(Beginning of Given data)
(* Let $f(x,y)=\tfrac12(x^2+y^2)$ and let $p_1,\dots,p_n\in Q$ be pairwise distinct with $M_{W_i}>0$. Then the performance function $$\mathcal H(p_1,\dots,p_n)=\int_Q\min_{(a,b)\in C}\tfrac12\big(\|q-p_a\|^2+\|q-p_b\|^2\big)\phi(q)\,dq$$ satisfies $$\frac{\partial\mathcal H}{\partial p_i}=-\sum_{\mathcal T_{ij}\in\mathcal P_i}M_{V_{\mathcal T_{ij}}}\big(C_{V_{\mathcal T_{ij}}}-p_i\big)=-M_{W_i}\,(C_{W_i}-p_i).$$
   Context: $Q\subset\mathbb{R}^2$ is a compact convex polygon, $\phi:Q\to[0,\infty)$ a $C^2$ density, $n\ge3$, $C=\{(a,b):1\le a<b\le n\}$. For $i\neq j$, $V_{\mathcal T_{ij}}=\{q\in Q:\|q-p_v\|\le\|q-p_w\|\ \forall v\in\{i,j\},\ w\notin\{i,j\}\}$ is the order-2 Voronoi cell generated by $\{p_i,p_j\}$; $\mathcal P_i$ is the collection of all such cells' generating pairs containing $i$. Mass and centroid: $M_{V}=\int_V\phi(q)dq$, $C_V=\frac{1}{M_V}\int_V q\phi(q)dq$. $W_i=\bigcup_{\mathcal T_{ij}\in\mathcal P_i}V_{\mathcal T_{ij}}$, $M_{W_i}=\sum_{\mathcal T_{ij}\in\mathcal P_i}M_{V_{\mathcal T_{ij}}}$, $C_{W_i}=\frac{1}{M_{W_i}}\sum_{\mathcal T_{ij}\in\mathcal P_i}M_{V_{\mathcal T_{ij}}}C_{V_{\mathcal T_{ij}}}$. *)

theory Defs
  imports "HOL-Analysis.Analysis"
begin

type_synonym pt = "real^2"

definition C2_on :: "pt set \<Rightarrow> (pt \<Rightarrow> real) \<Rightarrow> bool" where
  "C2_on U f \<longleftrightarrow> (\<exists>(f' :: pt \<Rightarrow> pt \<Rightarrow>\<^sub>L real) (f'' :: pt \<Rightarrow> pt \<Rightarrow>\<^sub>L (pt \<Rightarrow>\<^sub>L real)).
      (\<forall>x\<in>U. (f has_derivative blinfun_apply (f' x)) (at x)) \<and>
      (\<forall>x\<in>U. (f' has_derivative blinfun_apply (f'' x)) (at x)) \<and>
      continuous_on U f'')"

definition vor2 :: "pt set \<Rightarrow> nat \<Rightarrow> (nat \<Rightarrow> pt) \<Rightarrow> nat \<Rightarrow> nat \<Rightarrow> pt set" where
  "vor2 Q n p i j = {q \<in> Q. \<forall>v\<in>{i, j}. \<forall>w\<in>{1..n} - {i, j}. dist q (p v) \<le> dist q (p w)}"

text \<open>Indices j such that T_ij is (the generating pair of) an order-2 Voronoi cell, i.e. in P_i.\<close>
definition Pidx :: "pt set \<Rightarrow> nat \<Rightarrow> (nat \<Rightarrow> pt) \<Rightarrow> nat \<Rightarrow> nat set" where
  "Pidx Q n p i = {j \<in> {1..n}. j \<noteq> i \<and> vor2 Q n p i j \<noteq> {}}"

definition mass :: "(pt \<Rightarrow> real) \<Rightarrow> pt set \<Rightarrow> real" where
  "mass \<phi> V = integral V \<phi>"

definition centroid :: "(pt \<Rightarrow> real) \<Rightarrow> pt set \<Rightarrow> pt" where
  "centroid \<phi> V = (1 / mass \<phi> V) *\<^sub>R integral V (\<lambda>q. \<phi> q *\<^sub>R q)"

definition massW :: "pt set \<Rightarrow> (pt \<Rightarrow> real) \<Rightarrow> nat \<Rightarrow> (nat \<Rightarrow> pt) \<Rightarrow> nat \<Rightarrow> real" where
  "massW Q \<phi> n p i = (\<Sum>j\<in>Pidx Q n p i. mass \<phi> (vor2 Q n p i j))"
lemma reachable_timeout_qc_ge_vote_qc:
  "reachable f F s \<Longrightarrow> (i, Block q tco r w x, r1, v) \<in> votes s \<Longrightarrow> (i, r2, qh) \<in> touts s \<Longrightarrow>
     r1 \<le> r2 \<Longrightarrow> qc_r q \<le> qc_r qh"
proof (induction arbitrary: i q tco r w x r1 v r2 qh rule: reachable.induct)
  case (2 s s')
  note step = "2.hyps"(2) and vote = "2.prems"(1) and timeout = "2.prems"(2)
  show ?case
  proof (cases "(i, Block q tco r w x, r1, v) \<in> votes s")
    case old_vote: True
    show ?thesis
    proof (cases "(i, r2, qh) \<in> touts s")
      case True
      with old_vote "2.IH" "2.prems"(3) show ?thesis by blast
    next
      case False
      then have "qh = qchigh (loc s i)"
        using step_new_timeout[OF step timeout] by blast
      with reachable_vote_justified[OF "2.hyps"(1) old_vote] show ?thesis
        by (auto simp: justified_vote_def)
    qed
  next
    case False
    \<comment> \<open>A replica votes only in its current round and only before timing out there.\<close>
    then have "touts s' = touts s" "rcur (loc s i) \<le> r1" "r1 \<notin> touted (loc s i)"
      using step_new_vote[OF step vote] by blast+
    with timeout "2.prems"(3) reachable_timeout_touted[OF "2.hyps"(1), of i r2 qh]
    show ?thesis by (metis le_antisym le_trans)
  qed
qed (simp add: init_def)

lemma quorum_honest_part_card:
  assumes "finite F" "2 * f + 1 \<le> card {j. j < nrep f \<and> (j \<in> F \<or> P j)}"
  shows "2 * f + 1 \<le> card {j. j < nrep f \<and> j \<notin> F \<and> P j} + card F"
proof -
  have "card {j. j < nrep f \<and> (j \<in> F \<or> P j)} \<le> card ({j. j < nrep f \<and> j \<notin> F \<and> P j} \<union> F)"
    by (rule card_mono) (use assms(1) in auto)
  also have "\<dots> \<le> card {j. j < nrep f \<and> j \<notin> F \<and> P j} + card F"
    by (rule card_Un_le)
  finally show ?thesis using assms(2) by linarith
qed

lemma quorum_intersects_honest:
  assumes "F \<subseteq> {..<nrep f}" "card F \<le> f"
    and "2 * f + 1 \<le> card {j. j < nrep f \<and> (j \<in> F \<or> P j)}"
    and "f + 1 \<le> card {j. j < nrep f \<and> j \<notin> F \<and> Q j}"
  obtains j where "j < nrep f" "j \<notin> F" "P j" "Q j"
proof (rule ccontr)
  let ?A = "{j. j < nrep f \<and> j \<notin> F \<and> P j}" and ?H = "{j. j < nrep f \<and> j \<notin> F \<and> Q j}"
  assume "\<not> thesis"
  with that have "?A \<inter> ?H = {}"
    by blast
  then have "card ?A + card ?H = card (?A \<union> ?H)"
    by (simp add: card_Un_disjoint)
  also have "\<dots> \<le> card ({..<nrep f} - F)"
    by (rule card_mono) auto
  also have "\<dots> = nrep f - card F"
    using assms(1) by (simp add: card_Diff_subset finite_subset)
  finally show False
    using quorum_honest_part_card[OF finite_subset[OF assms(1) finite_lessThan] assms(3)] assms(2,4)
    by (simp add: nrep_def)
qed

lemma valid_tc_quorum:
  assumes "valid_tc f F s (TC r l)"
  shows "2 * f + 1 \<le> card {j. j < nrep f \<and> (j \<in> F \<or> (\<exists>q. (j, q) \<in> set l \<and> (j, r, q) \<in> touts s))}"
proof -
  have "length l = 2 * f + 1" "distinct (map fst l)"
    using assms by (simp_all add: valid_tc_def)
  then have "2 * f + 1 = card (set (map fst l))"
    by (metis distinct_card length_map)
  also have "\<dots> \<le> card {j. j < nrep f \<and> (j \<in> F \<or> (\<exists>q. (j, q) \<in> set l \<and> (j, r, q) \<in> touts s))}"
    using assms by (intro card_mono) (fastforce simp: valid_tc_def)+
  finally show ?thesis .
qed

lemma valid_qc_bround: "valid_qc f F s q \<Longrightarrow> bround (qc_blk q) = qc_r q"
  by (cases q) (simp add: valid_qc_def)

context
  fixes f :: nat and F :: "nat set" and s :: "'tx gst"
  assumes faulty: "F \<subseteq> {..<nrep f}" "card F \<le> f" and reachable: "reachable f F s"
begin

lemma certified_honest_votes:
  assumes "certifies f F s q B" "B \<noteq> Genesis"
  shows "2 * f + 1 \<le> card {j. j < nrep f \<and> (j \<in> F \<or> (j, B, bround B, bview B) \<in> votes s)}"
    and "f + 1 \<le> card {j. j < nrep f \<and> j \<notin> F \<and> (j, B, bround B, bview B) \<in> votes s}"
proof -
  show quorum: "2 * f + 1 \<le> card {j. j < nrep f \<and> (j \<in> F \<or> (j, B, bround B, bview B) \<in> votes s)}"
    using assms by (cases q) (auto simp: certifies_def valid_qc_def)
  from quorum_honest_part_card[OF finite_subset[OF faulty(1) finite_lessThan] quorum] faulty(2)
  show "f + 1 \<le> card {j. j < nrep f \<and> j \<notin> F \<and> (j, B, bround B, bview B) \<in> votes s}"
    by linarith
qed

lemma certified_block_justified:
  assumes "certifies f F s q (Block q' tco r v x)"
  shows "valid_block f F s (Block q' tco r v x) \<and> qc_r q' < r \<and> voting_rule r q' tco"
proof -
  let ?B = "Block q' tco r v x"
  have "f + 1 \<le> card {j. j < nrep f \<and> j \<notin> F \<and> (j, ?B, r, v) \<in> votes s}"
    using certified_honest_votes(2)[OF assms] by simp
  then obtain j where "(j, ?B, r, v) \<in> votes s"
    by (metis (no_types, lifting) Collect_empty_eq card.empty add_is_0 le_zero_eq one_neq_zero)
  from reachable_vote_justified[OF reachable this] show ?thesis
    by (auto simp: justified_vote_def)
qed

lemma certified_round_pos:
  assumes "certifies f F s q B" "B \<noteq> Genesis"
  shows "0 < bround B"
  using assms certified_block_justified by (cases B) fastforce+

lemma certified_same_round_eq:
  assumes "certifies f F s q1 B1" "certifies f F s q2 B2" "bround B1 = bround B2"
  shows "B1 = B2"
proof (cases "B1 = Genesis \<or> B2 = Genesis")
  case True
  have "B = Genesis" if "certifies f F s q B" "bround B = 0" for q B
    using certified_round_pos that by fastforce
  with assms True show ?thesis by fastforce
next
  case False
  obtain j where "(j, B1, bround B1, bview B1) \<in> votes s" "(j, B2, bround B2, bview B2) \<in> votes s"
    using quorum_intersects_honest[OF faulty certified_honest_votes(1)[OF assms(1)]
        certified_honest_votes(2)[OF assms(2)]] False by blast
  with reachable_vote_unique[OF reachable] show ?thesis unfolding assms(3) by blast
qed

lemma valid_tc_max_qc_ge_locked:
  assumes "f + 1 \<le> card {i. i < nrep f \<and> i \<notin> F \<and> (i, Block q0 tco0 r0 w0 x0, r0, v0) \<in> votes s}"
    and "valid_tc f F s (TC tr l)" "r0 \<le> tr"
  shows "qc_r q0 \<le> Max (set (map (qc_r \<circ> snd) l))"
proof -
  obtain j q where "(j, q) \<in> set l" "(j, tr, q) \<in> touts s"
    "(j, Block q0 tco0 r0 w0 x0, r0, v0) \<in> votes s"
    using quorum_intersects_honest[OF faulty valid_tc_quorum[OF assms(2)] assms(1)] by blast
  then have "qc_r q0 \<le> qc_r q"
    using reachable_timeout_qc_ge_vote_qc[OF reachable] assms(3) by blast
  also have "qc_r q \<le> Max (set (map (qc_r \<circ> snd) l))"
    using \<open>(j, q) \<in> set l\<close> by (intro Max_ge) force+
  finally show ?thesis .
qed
(End of Given data)
# Aim of the task
Look back at the entries above and repeat, unchanged, every line from the line holding "qchigh (loc s" through the line holding "timing out there.\<close>".

# The answer
      then have "qh = qchigh (loc s i)"
        using step_new_timeout[OF step timeout] by blast
      with reachable_vote_justified[OF "2.hyps"(1) old_vote] show ?thesis
        by (auto simp: justified_vote_def)
    qed
  next
    case False
    \<comment> \<open>A replica votes only in its current round and only before timing out there.\<close>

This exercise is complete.